[Dataset entries]
(* Let $n$ be a positive integer, $k\ge2$ an integer, and $\beta$ an integer with $0\le\beta\le k-1$. Then $$\det_{0\le i,j\le n-1}\bigl(C_{(k-1)i+j+\beta,k}+C_{(k-1)i+j+\beta+1,k}\bigr)=\sum_{s=0}^{n}\binom{\lfloor\frac{s+\beta}{k-1}\rfloor+n}{n-s}.$$
   Context: For integers $k\ge2$ and $m\ge0$, the generalised Catalan number is $$C_{m,k}=\frac{m-(k-1)\lfloor\frac{m}{k-1}\rfloor+1}{m+\lfloor\frac{m}{k-1}\rfloor+1}\binom{m+\lfloor\frac{m}{k-1}\rfloor+1}{m+1}.$$ *)

theory Defs
  imports "Jordan_Normal_Form.Determinant"
begin

definition gen_catalan :: "nat \<Rightarrow> nat \<Rightarrow> rat" where
  "gen_catalan m k =
     (let q = m div (k - 1) in
      (of_nat (m - (k - 1) * q + 1) / of_nat (m + q + 1)) * of_nat ((m + q + 1) choose (m + 1)))"

end

theory Submission
  imports Defs
begin

text \<open>Write r = k - 1. By the ballot theorem, C_{m,k} counts the lattice paths from the origin to
  the highest point of column m that stay below the line r y = x. Cutting such paths at a column
  shows that the alternating binomial vectors
  x_m = ((-1)^s binom(\<lfloor>(s + \<beta>)/r\<rfloor> + m, m - s))_{s \<le> m}
  make the matrix (C_{r i + j + \<beta>, k})_{i,j} triangular with diagonal entries (-1)^m. Hence all
  its leading principal minors are 1, and x_n is a kernel vector of its first n rows. Replacing
  columns by sums of adjacent columns multiplies the determinant by the alternating sum of the
  entries of x_n, which is the right-hand side.\<close>

section \<open>Ballot paths\<close>

text \<open>lattice_paths r g u d counts the paths from (0, 0) to (u, d) with unit east and north steps
  all of whose points (x, y) satisfy r y \<le> g + x.\<close>
fun lattice_paths :: "nat \<Rightarrow> nat \<Rightarrow> nat \<Rightarrow> nat \<Rightarrow> nat" where
  "lattice_paths r g 0 0 = 1"
| "lattice_paths r g (Suc u) 0 = lattice_paths r g u 0"
| "lattice_paths r g 0 (Suc d) = (if g < r * Suc d then 0 else lattice_paths r g 0 d)"
| "lattice_paths r g (Suc u) (Suc d) =
     (if g + Suc u < r * Suc d then 0
      else lattice_paths r g u (Suc d) + lattice_paths r g (Suc u) d)"

lemma lattice_paths_eq_0: "g + u < r * d \<Longrightarrow> lattice_paths r g u d = 0"
  by (cases u; cases d) auto

lemma lattice_paths_height_0 [simp]: "lattice_paths r g u 0 = 1"
  by (induction u) auto

lemma lattice_paths_width_0: "lattice_paths r g 0 d = of_bool (r * d \<le> g)"
  by (induction d) auto

definition ballot_number :: "nat \<Rightarrow> nat \<Rightarrow> nat \<Rightarrow> int" where
  "ballot_number r u d =
     (if d = 0 then 1 else int ((u + d) choose d) - int r * int ((u + d) choose (d - 1)))"

lemma ballot_number_Suc_Suc:
  "ballot_number r u (Suc d) + ballot_number r (Suc u) d = ballot_number r (Suc u) (Suc d)"
proof (cases d)
  case (Suc d')
  have "(Suc u + Suc d choose d) = (u + Suc d choose d) + (Suc u + d choose d')"
    using Suc by simp
  then show ?thesis using Suc by (simp add: ballot_number_def algebra_simps)
qed (simp add: ballot_number_def)

lemma ballot_number_boundary:
  assumes "r * Suc d = Suc u"
  shows "ballot_number r u (Suc d) = 0"
proof -
  have "Suc d * ((u + Suc d) choose Suc d) = (u + Suc d) * ((u + d) choose d)"
    using times_binomial_minus1_eq[of "Suc d" "u + Suc d"] by simp
  also have "\<dots> = (u + Suc d - d) * ((u + Suc d) choose d)"
    using binomial_absorb_comp[of "u + Suc d" d] by simp
  also have "u + Suc d - d = r * Suc d" using assms by simp
  finally have "Suc d * ((u + Suc d) choose Suc d) = Suc d * (r * ((u + Suc d) choose d))"
    by (simp only: ac_simps)
  then have "(u + Suc d) choose Suc d = r * ((u + Suc d) choose d)"
    by (simp only: mult_cancel1 nat.distinct simp_thms)
  then show ?thesis by (simp add: ballot_number_def)
qed

theorem lattice_paths_ballot:
  "r * d \<le> Suc u \<Longrightarrow> int (lattice_paths r 0 u d) = ballot_number r u d"
proof (induction u arbitrary: d)
  case 0
  then have "r * d = 0 \<or> r * d = 1" by linarith
  then have "of_bool (r * d = 0) = 1 - int (r * d)" by auto
  then show ?case by (cases d) (simp_all add: ballot_number_def lattice_paths_width_0 algebra_simps)
next
  case (Suc u)
  have IH: "int (lattice_paths r 0 u d') = ballot_number r u d'" if "r * d' \<le> Suc u" for d'
    using Suc.IH that .
  from Suc.prems show ?case
  proof (induction d)
    case 0
    then show ?case by (simp add: ballot_number_def)
  next
    case (Suc d)
    show ?case
    proof (cases "Suc u < r * Suc d")
      case True
      then have "r * Suc d = Suc (Suc u)" using Suc.prems by linarith
      then show ?thesis using True by (simp add: ballot_number_boundary)
    next
      case False
      then show ?thesis
        using IH[of "Suc d"] Suc.IH Suc.prems
        by (simp flip: ballot_number_Suc_Suc)
    qed
  qed
qed

lemma ballot_number_closed_form:
  assumes "r * q \<le> n"
  shows "(of_int (ballot_number r n q) :: rat)
         = of_nat (n - r * q + 1) / of_nat (n + q + 1) * of_nat ((n + q + 1) choose q)"
proof (cases q)
  case 0
  then show ?thesis by (simp add: ballot_number_def)
next
  case (Suc q')
  define x :: rat where "x = of_nat ((n + q) choose q)"
  define y :: rat where "y = of_nat ((n + q) choose q')"
  define b :: rat where "b = of_nat ((n + q + 1) choose q)"
  have "q * ((n + q) choose q) = (n + 1) * ((n + q) choose q')"
    using Suc_times_binomial_add[of q' n] Suc by (simp add: add.commute)
  from arg_cong[OF this, of "of_nat :: nat \<Rightarrow> rat"]
  have y: "y = of_nat q * x / (of_nat n + 1)"
    by (simp add: x_def y_def field_simps)
  have "(n + 1) * ((n + q + 1) choose q) = (n + q + 1) * ((n + q) choose q)"
    using binomial_absorb_comp[of "n + q + 1" q] by simp
  from arg_cong[OF this, of "of_nat :: nat \<Rightarrow> rat"]
  have b: "b = (of_nat n + of_nat q + 1) * x / (of_nat n + 1)"
    by (simp add: x_def b_def field_simps)
  have nonzero: "(of_nat n + of_nat q + 1 :: rat) \<noteq> 0" "(of_nat n + 1 :: rat) \<noteq> 0"
    by (simp_all add: add_pos_nonneg pos_add_strict)
  have "(of_int (ballot_number r n q) :: rat) = x - of_nat r * y"
    by (simp add: ballot_number_def Suc x_def y_def)
  also have "\<dots> = (of_nat n - of_nat r * of_nat q + 1) * x / (of_nat n + 1)"
    using nonzero by (simp add: y field_simps)
  also have "\<dots> = (of_nat n - of_nat r * of_nat q + 1) / (of_nat n + of_nat q + 1) * b"
    using nonzero(1) unfolding b by simp
  also have "of_nat n - of_nat r * of_nat q + 1 = (of_nat (n - r * q + 1) :: rat)"
    using assms by simp
  finally show ?thesis by (simp add: b_def)
qed

lemma lattice_paths_Suc_eq_sum:
  "lattice_paths r g (Suc u) D = of_bool (r * D \<le> g + Suc u) * (\<Sum>d = 0..D. lattice_paths r g u d)"
proof (induction D)
  case (Suc D)
  then show ?case
    using mult_le_mono2[of D "Suc D" r] by (auto simp: not_less)
qed simp

lemma lattice_paths_shift_width_0:
  assumes "r * d \<le> G" and "d \<le> D"
  shows "lattice_paths r (G - r * d) 0 (D - d) = of_bool (r * D \<le> G)"
proof -
  have "r * (D - d) = r * D - r * d" by (simp add: diff_mult_distrib2)
  moreover have "r * d \<le> r * D" using assms(2) by simp
  ultimately show ?thesis using assms(1) by (auto simp: lattice_paths_width_0)
qed

lemma lattice_paths_shift_eq_0:
  assumes "r * d \<le> G" and "G + t < r * D"
  shows "lattice_paths r (G - r * d) t (D - d) = 0"
proof -
  have "r * (D - d) = r * D - r * d" by (simp add: diff_mult_distrib2)
  then show ?thesis using assms by (intro lattice_paths_eq_0) simp
qed

lemma lattice_paths_shift_Suc_Suc:
  assumes "r * d \<le> G" and "d \<le> D" and "r * Suc D \<le> G + Suc t"
  shows "lattice_paths r (G - r * d) (Suc t) (Suc D - d)
         = lattice_paths r (G - r * d) t (Suc D - d) + lattice_paths r (G - r * d) (Suc t) (D - d)"
proof -
  have "r * Suc (D - d) = r * Suc D - r * d"
    using assms(2) by (simp add: Suc_diff_le diff_mult_distrib2)
  moreover have "r * d \<le> r * Suc D" using assms(2) by (intro mult_le_mono2) simp
  ultimately have "\<not> G - r * d + Suc t < r * Suc (D - d)" using assms(1,3) by simp
  then show ?thesis using assms(2) by (simp add: Suc_diff_le)
qed

text \<open>Cut a path at its east step from column u to column Suc u, at height d say; the rest of the
  path, seen from its new starting point (Suc u, d), stays below the line r y = Suc (g + u) - r d + x.\<close>
theorem lattice_paths_split:
  "lattice_paths r g (Suc u + t) D
   = (\<Sum>d = 0..D. lattice_paths r g u d * lattice_paths r (Suc (g + u) - r * d) t (D - d))"
proof (induction t arbitrary: D)
  case 0
  have "lattice_paths r g u d * lattice_paths r (Suc (g + u) - r * d) 0 (D - d)
        = of_bool (r * D \<le> Suc (g + u)) * lattice_paths r g u d" if "d \<le> D" for d
    using that lattice_paths_shift_width_0[of r d "Suc (g + u)" D]
    by (cases "r * d \<le> g + u") (simp_all add: lattice_paths_eq_0)
  then have "(\<Sum>d = 0..D. lattice_paths r g u d * lattice_paths r (Suc (g + u) - r * d) 0 (D - d))
      = (\<Sum>d = 0..D. of_bool (r * D \<le> Suc (g + u)) * lattice_paths r g u d)"
    by (intro sum.cong) simp_all
  then show ?case by (simp add: lattice_paths_Suc_eq_sum sum_distrib_left)
next
  case (Suc t)
  have split_t: "lattice_paths r g (Suc u + t) D'
      = (\<Sum>d = 0..D'. lattice_paths r g u d * lattice_paths r (Suc (g + u) - r * d) t (D' - d))" for D'
    by (rule Suc.IH)
  show ?case
  proof (induction D)
    case (Suc D)
    let ?G = "Suc (g + u)"
    show ?case
    proof (cases "?G + Suc t < r * Suc D")
      case True
      then have "lattice_paths r g u d * lattice_paths r (?G - r * d) (Suc t) (Suc D - d) = 0" for d
        using lattice_paths_shift_eq_0[of r d ?G "Suc t" "Suc D"]
        by (cases "r * d \<le> g + u") (simp_all add: lattice_paths_eq_0)
      then show ?thesis using True by (simp add: lattice_paths_eq_0)
    next
      case False
      have step: "lattice_paths r g u d * lattice_paths r (?G - r * d) (Suc t) (Suc D - d)
          = lattice_paths r g u d * lattice_paths r (?G - r * d) t (Suc D - d)
            + lattice_paths r g u d * lattice_paths r (?G - r * d) (Suc t) (D - d)" if "d \<le> D" for d
        using that False lattice_paths_shift_Suc_Suc[of r d ?G D t]
        by (cases "r * d \<le> g + u") (simp_all add: lattice_paths_eq_0 distrib_left)
      have "lattice_paths r g (Suc u + Suc t) (Suc D)
          = lattice_paths r g (Suc u + t) (Suc D) + lattice_paths r g (Suc u + Suc t) D"
        using False by simp
      also have "\<dots> = (\<Sum>d = 0..Suc D. lattice_paths r g u d * lattice_paths r (?G - r * d) t (Suc D - d))
          + (\<Sum>d = 0..D. lattice_paths r g u d * lattice_paths r (?G - r * d) (Suc t) (D - d))"
        using Suc.IH split_t[of "Suc D"] by simp
      also have "\<dots> = (\<Sum>d = 0..Suc D. lattice_paths r g u d * lattice_paths r (?G - r * d) (Suc t) (Suc D - d))"
        by (simp add: step sum.distrib)
      finally show ?thesis .
    qed
  qed simp
qed

definition top_paths :: "nat \<Rightarrow> nat \<Rightarrow> nat \<Rightarrow> nat" where
  "top_paths r t g = lattice_paths r g t ((g + t) div r)"

lemma top_paths_0 [simp]: "top_paths r 0 g = 1"
  by (simp add: top_paths_def lattice_paths_width_0)

lemma gen_catalan_eq_top_paths:
  assumes "k \<ge> 2"
  shows "gen_catalan m k = of_nat (top_paths (k - 1) m 0)"
proof -
  define r where "r = k - 1"
  define q where "q = m div r"
  have rq: "r * q \<le> m" unfolding q_def by simp
  have "int (top_paths r m 0) = ballot_number r m q"
    using lattice_paths_ballot[OF le_SucI[OF rq]] by (simp add: top_paths_def q_def)
  then have "of_nat (top_paths r m 0) = (of_int (ballot_number r m q) :: rat)"
    by (metis of_int_of_nat_eq)
  also have "\<dots> = of_nat (m - r * q + 1) / of_nat (m + q + 1) * of_nat ((m + q + 1) choose (m + 1))"
    using ballot_number_closed_form[OF rq] binomial_symmetric[of q "m + q + 1"] by simp
  finally show ?thesis
    unfolding gen_catalan_def Let_def r_def[symmetric] q_def[symmetric] by (rule sym)
qed

lemma diff_mult_div_eq:
  fixes x r d :: nat
  assumes "0 < r" and "r * d \<le> x"
  shows "(x - r * d) div r = x div r - d"
proof -
  have "x div r = (x - r * d + d * r) div r" using assms(2) by (simp add: mult.commute)
  also have "\<dots> = (x - r * d) div r + d" using assms(1) by simp
  finally show ?thesis by simp
qed

lemma top_paths_Suc:
  assumes "0 < r"
  shows "top_paths r (Suc t) g = (\<Sum>d = 0..g div r. top_paths r t (Suc g - r * d))"
proof -
  define D where "D = (g + Suc t) div r"
  have summand: "lattice_paths r g 0 d * lattice_paths r (Suc g - r * d) t (D - d)
      = (if d \<le> g div r then top_paths r t (Suc g - r * d) else 0)" for d
  proof (cases "d \<le> g div r")
    case True
    then have rd: "r * d \<le> g" using assms by (simp add: less_eq_div_iff_mult_less_eq mult.commute)
    then have "(Suc g - r * d + t) div r = D - d"
      using diff_mult_div_eq[OF assms, of d "g + Suc t"] by (simp add: D_def)
    then show ?thesis using True rd by (simp add: top_paths_def lattice_paths_width_0)
  next
    case False
    then have "\<not> r * d \<le> g" using assms by (simp add: less_eq_div_iff_mult_less_eq mult.commute)
    then show ?thesis using False by (simp add: lattice_paths_width_0)
  qed
  have "g div r \<le> D" unfolding D_def by (simp add: div_le_mono)
  then have range: "{0..D} \<inter> {d. d \<le> g div r} = {0..g div r}" by auto
  have "top_paths r (Suc t) g = lattice_paths r g (Suc 0 + t) D" by (simp add: top_paths_def D_def)
  also have "\<dots> = (\<Sum>d = 0..D. if d \<le> g div r then top_paths r t (Suc g - r * d) else 0)"
    using lattice_paths_split[of r g 0 t D] summand by simp
  also have "\<dots> = (\<Sum>d = 0..g div r. top_paths r t (Suc g - r * d))"
    by (simp add: sum.If_cases range)
  finally show ?thesis .
qed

> _ABOUT THIS TASK_:
Please give an exact copy of the lines above, beginning with the line containing "text \<open>Write r" and running through the line containing "g (Suc u) (Suc", and of no other lines.

> _PROBLEM SOLUTION_:
text \<open>Write r = k - 1. By the ballot theorem, C_{m,k} counts the lattice paths from the origin to
  the highest point of column m that stay below the line r y = x. Cutting such paths at a column
  shows that the alternating binomial vectors
  x_m = ((-1)^s binom(\<lfloor>(s + \<beta>)/r\<rfloor> + m, m - s))_{s \<le> m}
  make the matrix (C_{r i + j + \<beta>, k})_{i,j} triangular with diagonal entries (-1)^m. Hence all
  its leading principal minors are 1, and x_n is a kernel vector of its first n rows. Replacing
  columns by sums of adjacent columns multiplies the determinant by the alternating sum of the
  entries of x_n, which is the right-hand side.\<close>

section \<open>Ballot paths\<close>

text \<open>lattice_paths r g u d counts the paths from (0, 0) to (u, d) with unit east and north steps
  all of whose points (x, y) satisfy r y \<le> g + x.\<close>
fun lattice_paths :: "nat \<Rightarrow> nat \<Rightarrow> nat \<Rightarrow> nat \<Rightarrow> nat" where
  "lattice_paths r g 0 0 = 1"
| "lattice_paths r g (Suc u) 0 = lattice_paths r g u 0"
| "lattice_paths r g 0 (Suc d) = (if g < r * Suc d then 0 else lattice_paths r g 0 d)"
| "lattice_paths r g (Suc u) (Suc d) =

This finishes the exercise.